On June 30, Vitalik published a new article discussing Ethereum's problems with transaction confirmation speed. Vitalik mentioned that Ethereum has made great improvements compared to five years ago. Thanks to EIP-1559 (dynamic adjustment of transaction fees) and the stable block generation time after the merger, transactions sent by users on L1 are usually confirmed within 5-20 seconds. However, this time can be further improved. For some applications that explicitly require a delay of several hundred milliseconds or even shorter, it makes sense to further shorten the confirmation time. To achieve this goal, the Ethereum community and researchers have proposed some practical solutions, one of which is preconfirmations.

What is pre-confirmation?

Preconfirmations (preconf) is a pre-confirmation state of a transaction before it is officially confirmed. Specifically, it refers to a temporary confirmation by the node before the transaction is included in the block by the miner and officially on the chain. This temporary confirmation means that multiple nodes verify the validity of the transaction and temporarily store it in the memory pool. This allows users to get a signal that the transaction has been accepted in a short period of time, so as to get instant feedback, reduce waiting time, and improve user experience. This preconfirmation is not the final confirmation and may still be revoked (such as block reorganization), but this situation is relatively rare.

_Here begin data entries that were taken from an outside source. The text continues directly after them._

lemma picard_map_dist_le:
  fixes f g :: "real \<Rightarrow> real"
  assumes f: "continuous_on UNIV f" and g: "continuous_on UNIV g" and a: "a > 0"
    and \<delta>: "\<delta> \<ge> 0" and D: "\<And>x. \<bar>f x - g x\<bar> \<le> D"
  shows "\<bar>picard_map \<alpha> a \<delta> f r - picard_map \<alpha> a \<delta> g r\<bar>
    \<le> \<bar>\<alpha>\<bar> * (2/a + 8/a\<^sup>2) * (\<delta> + \<delta>\<^sup>2) * D"
proof -
  define s where "s = clamp 0 \<delta> r"
  have s: "s \<in> {0..\<delta>}"
    unfolding s_def using \<delta> by (rule clamp_mem_atLeastAtMost)
  have fg: "continuous_on UNIV (\<lambda>x. f x - g x)"
    using f g by (intro continuous_intros)
  have momentum: "\<bar>momentum f t - momentum g t\<bar> \<le> \<delta> * D" if "t \<in> {0..\<delta>}" for t
  proof -
    have "momentum f t - momentum g t = momentum (\<lambda>x. f x - g x) t"
      unfolding momentum_def radial_mean_diff[OF f g, symmetric] by (simp add: algebra_simps)
    also have "\<bar>\<dots>\<bar> \<le> \<bar>t\<bar> * D"
      by (rule abs_momentum_le[OF fg D])
    also have "\<dots> \<le> \<delta> * D"
      using that D[of 0] by (intro mult_right_mono) auto
    finally show ?thesis .
  qed
  have "\<bar>profile a f s - profile a g s\<bar> \<le> (\<delta> * D) * s"
    using s by (intro abs_profile_diff_le f g momentum) auto
  also have "\<dots> \<le> \<delta>\<^sup>2 * D"
    using s D[of 0] \<delta> unfolding power2_eq_square
    by (metis atLeastAtMost_iff abs_ge_zero mult.assoc mult.commute mult_left_mono order_trans)
  finally have profile: "\<bar>profile a f s - profile a g s\<bar> \<le> \<delta>\<^sup>2 * D" .
  have "\<bar>picard_map \<alpha> a \<delta> f r - picard_map \<alpha> a \<delta> g r\<bar>
      \<le> \<bar>\<alpha>\<bar> * (1/(a/2) + 2/(a/2)\<^sup>2)
         * (\<bar>momentum f s - momentum g s\<bar> + \<bar>profile a f s - profile a g s\<bar>)"
    unfolding picard_map_def s_def[symmetric] using a by (intro source_lipschitz) simp
  also have "\<dots> \<le> \<bar>\<alpha>\<bar> * (1/(a/2) + 2/(a/2)\<^sup>2) * (\<delta> * D + \<delta>\<^sup>2 * D)"
    using momentum[OF s] profile a by (intro mult_left_mono add_mono) auto
  also have "\<dots> = \<bar>\<alpha>\<bar> * (2/a + 8/a\<^sup>2) * (\<delta> + \<delta>\<^sup>2) * D"
    by (simp add: field_simps power2_eq_square)
  finally show ?thesis .
qed

lemma picard_map_has_fixed_point:
  assumes a: "a > 0" and \<delta>: "\<delta> \<ge> 0"
    and K: "\<bar>\<alpha>\<bar> * (2/a + 8/a\<^sup>2) * (\<delta> + \<delta>\<^sup>2) < 1"
  shows "\<exists>f. continuous_on UNIV f \<and> (\<forall>r. picard_map \<alpha> a \<delta> f r = f r)"
proof -
  define K where "K = \<bar>\<alpha>\<bar> * (2/a + 8/a\<^sup>2) * (\<delta> + \<delta>\<^sup>2)"
  define T where "T f = Bcontfun (picard_map \<alpha> a \<delta> (apply_bcontfun f))" for f
  have T: "apply_bcontfun (T f) = picard_map \<alpha> a \<delta> (apply_bcontfun f)" for f
    unfolding T_def by (rule Bcontfun_inverse[OF picard_map_bcontfun[OF continuous_on_apply_bcontfun a]])
  have "dist (T f) (T g) \<le> K * dist f g" for f g
  proof (rule dist_bound)
    fix r
    have "\<bar>f x - g x\<bar> \<le> dist f g" for x
      using dist_bounded[of f x g] by (simp add: dist_real_def)
    then show "dist (T f r) (T g r) \<le> K * dist f g"
      unfolding T K_def dist_real_def
      by (intro picard_map_dist_le continuous_on_apply_bcontfun a \<delta>)
  qed
  moreover have "K \<ge> 0"
    using a \<delta> by (simp add: K_def)
  ultimately obtain f where "T f = f"
    using banach_fix_type[of K T] K by (auto simp: K_def)
  then show ?thesis
    using T[of f] by (intro exI[of _ "apply_bcontfun f"]) auto
qed

lemma C2_on_profile:
  fixes f :: "real \<Rightarrow> real"
  assumes f: "continuous_on UNIV f"
  shows "C2_on \<delta> (profile a f) (\<lambda>r. velocity (momentum f r))
    (\<lambda>r. velocity_deriv (momentum f r) * (f r - radial_mean f r))"
  unfolding C2_on_def
proof (intro conjI ballI)
  fix r
  assume r: "r \<in> {0..\<delta>}"
  show "(profile a f has_real_derivative velocity (momentum f r)) (at r within {0..\<delta>})"
    by (rule profile_has_real_derivative[OF f r])
  have "(momentum f has_real_derivative f r - radial_mean f r) (at r within {0..\<delta>})"
    by (rule has_field_derivative_at_within[OF momentum_has_real_derivative[OF f]]) (use r in simp)
  then show "((\<lambda>r. velocity (momentum f r)) has_real_derivative
      velocity_deriv (momentum f r) * (f r - radial_mean f r)) (at r within {0..\<delta>})"
    by (rule DERIV_chain2[OF velocity_has_real_derivative])
next
  have "continuous_on {0..\<delta>} (\<lambda>r. velocity_deriv (momentum f r))"
    by (rule continuous_on_compose2[OF continuous_on_velocity_deriv[of UNIV]
          continuous_on_momentum[OF f] subset_UNIV])
  then show "continuous_on {0..\<delta>} (\<lambda>r. velocity_deriv (momentum f r) * (f r - radial_mean f r))"
    by (intro continuous_intros continuous_on_radial_mean continuous_on_subset[OF f]) auto
qed
lemma kernel_comb_sum:
  "kernel_comb K X (\<lambda>y. \<Sum>v\<in>S. u v * f v y) x = (\<Sum>v\<in>S. u v * kernel_comb K X (f v) x)"
  unfolding kernel_comb_def
  by (simp add: sum_distrib_left sum_distrib_right mult.assoc sum.swap[of _ S])

lemma rkhs_ip_sum_left:
  "rkhs_ip K X (\<lambda>y. \<Sum>v\<in>S. u v * f v y) Y g = (\<Sum>v\<in>S. u v * rkhs_ip K X (f v) Y g)"
  unfolding rkhs_ip_def
  by (simp add: sum_distrib_left sum_distrib_right mult.assoc sum.swap[of _ S])

lemma rkhs_ip_orthonormal_inj_independent:
  assumes "finite I"
    and orth: "\<And>i j. i \<in> I \<Longrightarrow> j \<in> I \<Longrightarrow> rkhs_ip K X (c i) X (c j) = (if i = j then 1 else 0)"
  shows "inj_on c I" and "real_fun.independent (c ` I)"
proof -
  show inj: "inj_on c I"
  proof (rule inj_onI)
    fix i j assume "i \<in> I" "j \<in> I" "c i = c j"
    then show "i = j"
      using orth[of i i] orth[of j i] by (auto split: if_splits)
  qed
  have "u (c j) = 0" if zero: "(\<Sum>w\<in>c ` I. (\<lambda>z. u w * w z)) = 0" and j: "j \<in> I" for u j
  proof -
    have "0 = rkhs_ip K X (\<Sum>w\<in>c ` I. (\<lambda>z. u w * w z)) X (c j)"
      unfolding zero by (simp add: rkhs_ip_def)
    also have "\<dots> = (\<Sum>i\<in>I. u (c i) * rkhs_ip K X (c i) X (c j))"
      unfolding real_fun_sum_scale rkhs_ip_sum_left by (simp add: sum.reindex[OF inj])
    also have "\<dots> = (\<Sum>i\<in>I. if i = j then u (c i) else 0)"
      using orth j by (intro sum.cong) auto
    also have "\<dots> = u (c j)"
      using j \<open>finite I\<close> by simp
    finally show ?thesis
      by (rule sym)
  qed
  then show "real_fun.independent (c ` I)"
    using \<open>finite I\<close> by (intro real_fun.independent_if_scalars_zero) auto
qed

lemma (in vector_space) span_subset_span_independent_card:
  assumes "finite T" "S \<subseteq> span T" "independent S" "card T \<le> card S"
  shows "span T \<subseteq> span S"
proof
  fix a assume a: "a \<in> span T"
  show "a \<in> span S"
  proof (rule ccontr)
    assume "a \<notin> span S"
    then have "independent (insert a S)" "a \<notin> S"
      using assms(3) independent_insertI span_base by blast+
    moreover have "insert a S \<subseteq> span T"
      using a assms(2) by blast
    ultimately have "finite S" "card (insert a S) \<le> card T"
      using independent_span_bound[OF assms(1)] by (auto dest: finite_insert[THEN iffD1])
    then show False
      using assms(4) \<open>a \<notin> S\<close> by simp
  qed
qed

lemma real_fun_span_point_masses:
  assumes "finite X"
  shows "(\<lambda>z. if z \<in> X then f z else 0) \<in> real_fun.span ((\<lambda>y z. of_bool (z = y)) ` X)"
proof -
  have "(\<lambda>z. if z \<in> X then f z else 0) = (\<Sum>y\<in>X. (\<lambda>z. f y * of_bool (z = y)))"
    using assms by (simp add: fun_eq_iff sum_fun_apply)
  also have "\<dots> \<in> real_fun.span ((\<lambda>y z. of_bool (z = y)) ` X)"
    by (intro real_fun.span_sum real_fun.span_scale real_fun.span_base) auto
  finally show ?thesis .
qed
(* Let $X$ be a Hilbert space with unit sphere $S_X$, let $C\subseteq X$ be a subset, and let $N:C\to S_X$ be a mapping. Then the following statements are equivalent. (1) There exists a $C^{1,1}$ convex body $V\subseteq X$ such that $C\subseteq \partial V$ and $N(x)$ is the outer unit normal to $\partial V$ at $x$ for every $x\in C$. (2) There exists some $r>0$ such that $$\langle N(y), y-x\rangle \geq \tfrac{r}{2}\|N(y)-N(x)\|^2 \quad\text{for all } x,y\in C.$$ Moreover, if (2) holds with a constant $r>0$, then the body $V$ in (1) can be chosen so that its outer unit normal $N_{\partial V}:\partial V\to S_X$ is $r^{-1}$-Lipschitz. In addition, if $C$ is bounded, then $V$ can be taken to be bounded as well.
   Context: A convex body in $X$ is a closed convex set with nonempty interior; convex bodies are allowed to be unbounded. A convex body $V$ is of class $C^{1,1}$ if $\partial V$ is a $C^1$ submanifold (so that the outer unit normal $N_{\partial V}:\partial V\to S_X$ is well defined and continuous) and $N_{\partial V}$ is Lipschitz with respect to the ambient norm, i.e. there is $L>0$ with $\|N_{\partial V}(x)-N_{\partial V}(y)\|\le L\|x-y\|$ for all $x,y\in\partial V$. *)

theory Defs
  imports "HOL-Analysis.Analysis"
begin

text \<open>A real Hilbert space is modelled by a type of class real_inner and complete_space.\<close>

definition convex_body :: "'a::real_normed_vector set \<Rightarrow> bool" where
  "convex_body V \<longleftrightarrow> closed V \<and> convex V \<and> interior V \<noteq> {}"

text \<open>Codimension-one C^1 submanifold: locally the regular zero set of a C^1 function
  (derivative represented by its gradient, continuous in norm, nonvanishing).\<close>
definition C1_hypersurface :: "'a::real_inner set \<Rightarrow> bool" where
  "C1_hypersurface M \<longleftrightarrow>
     (\<forall>x\<in>M. \<exists>U F g. open U \<and> x \<in> U \<and>
        (\<forall>y\<in>U. (F has_derivative (\<lambda>h. g y \<bullet> h)) (at y) \<and> g y \<noteq> 0) \<and>
        continuous_on U g \<and>
        M \<inter> U = {y\<in>U. F y = (0::real)})"

definition outer_unit_normal :: "'a::real_inner set \<Rightarrow> 'a \<Rightarrow> 'a \<Rightarrow> bool" where
  "outer_unit_normal V x n \<longleftrightarrow> norm n = 1 \<and> (\<forall>y\<in>V. n \<bullet> (y - x) \<le> 0)"

text \<open>The outer unit normal map of the boundary is L-Lipschitz (this also forces uniqueness).\<close>
definition normal_lipschitz :: "'a::real_inner set \<Rightarrow> real \<Rightarrow> bool" where
  "normal_lipschitz V L \<longleftrightarrow>
     (\<forall>x\<in>frontier V. \<forall>y\<in>frontier V. \<forall>nx ny.
        outer_unit_normal V x nx \<and> outer_unit_normal V y ny \<longrightarrow> norm (nx - ny) \<le> L * norm (x - y))"

definition C11_convex_body :: "'a::real_inner set \<Rightarrow> bool" where
  "C11_convex_body V \<longleftrightarrow> convex_body V \<and> C1_hypersurface (frontier V) \<and>
     (\<forall>x\<in>frontier V. \<exists>n. outer_unit_normal V x n) \<and>
     (\<exists>L>0. normal_lipschitz V L)"

end

theory Submission
  imports Defs
begin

Typically, in the pre-confirmation mechanism, the proposer acts as a provider of pre-confirmation services. Users can obtain a signed commitment that their transaction will be included in the next block by paying an additional fee. If the proposer fails to fulfill their commitment, they will face financial penalties.

Specific implementation plan: Based Preconfirmations

Justin Drake, a researcher at the Ethereum Foundation, has been promoting an approach to Ethereum’s pre-confirmation mechanism: Based preconfirmations, which provides fast transaction confirmation through specific incentive and penalty mechanisms.

In order to reduce the risk of transactions failing to be included in blocks for various reasons in the Based preconfs mechanism, additional proposer penalties and mandatory inclusion are required:

  • Proposer slashing: L1 proposers must choose to add additional slashing conditions to become preconfirmers. This can be achieved through re-staking mechanisms.

  • Proposer forced inclusions: L1 proposers must be able to force transactions to be included on the chain, even when it is economically uneconomical or other proposers are uncooperative. This can be achieved through inclusion lists.

L1 proposers become pre-confirmers by opting in to the following two pre-confirmation penalty conditions. Pre-confirmers issue a signed pre-confirmation commitment to the user, promising to include the transaction in a block within a specified time period, and receive a tip from the user for fulfilling the commitment.

  • Liveness slashing: Pre-confirmers face penalties if they fail to include pre-confirmed transactions within a specified period of time.

  • Safety slashing: If the pre-validator's commitment is inconsistent with the actual transactions included, they will face penalties.

In addition, pre-confirmers are prioritized according to their position in the proposer's outlook to execute pre-confirmed transactions faster. The proposer's outlook mechanism is a mechanism used to determine which proposers will have the opportunity to package blocks in the future. Each future proposer is assigned a position number, which indicates their order in future block proposals. Pre-confirmers are sorted according to their position in the proposer's outlook. The smaller the position number, the higher the priority. Assuming that a transaction is committed by pre-confirmer B, the proposer with a smaller position number before B (pre-confirmer A) can package the transaction immediately, reducing the user's waiting time and not having to wait for the time period when B becomes the proposer. If the proposer before B fails to package the transaction in time, pre-confirmer B needs to ensure that these transactions are included within its time period, otherwise it will face penalties.

Through the above conditions and settings, Based preconfs can provide L1 with faster transaction confirmation. If the rollup is based (L2 sorting is left to L1), that is, all L2 blocks are logically regarded as L1 transactions, then the same mechanism can be used to provide pre-confirmation for L2.

Community Discussion

Justin Drake proposed Based preconfirmations, which attracted the community's attention to the preconfirmation mechanism. After that, the community had a rich discussion around the topic of preconfirmation. The more noteworthy ones are: Blockchain Capital member Jonah B proposed to allow users to customize the punishment measures in the preconfirmation mechanism; independent developer Matthew proposed to use the chain preconfirmation mechanism (preconf chaining) to protect the proposer from being punished by external unexpected situations such as power outages, network interruptions, etc. (liveness failure); Primev researcher Christian Matt introduced two preconfirmation modes: one is provided by a designated leader (leader-based), and the other is provided by multiple competitors (leaderless) in the absence of a leader. The advantage of the leader mode is that it can provide nearly 100% confirmation guarantee. The competitive environment of the leaderless mode helps to effectively discover the price of preconfirmation and optimize the benefits of validators. Christian Matt also proposed several solutions combining leader and leaderless preconfirmation; Ethereum Foundation member potuz discussed various challenges and solutions for introducing the preconfirmation mechanism under the ePBS framework.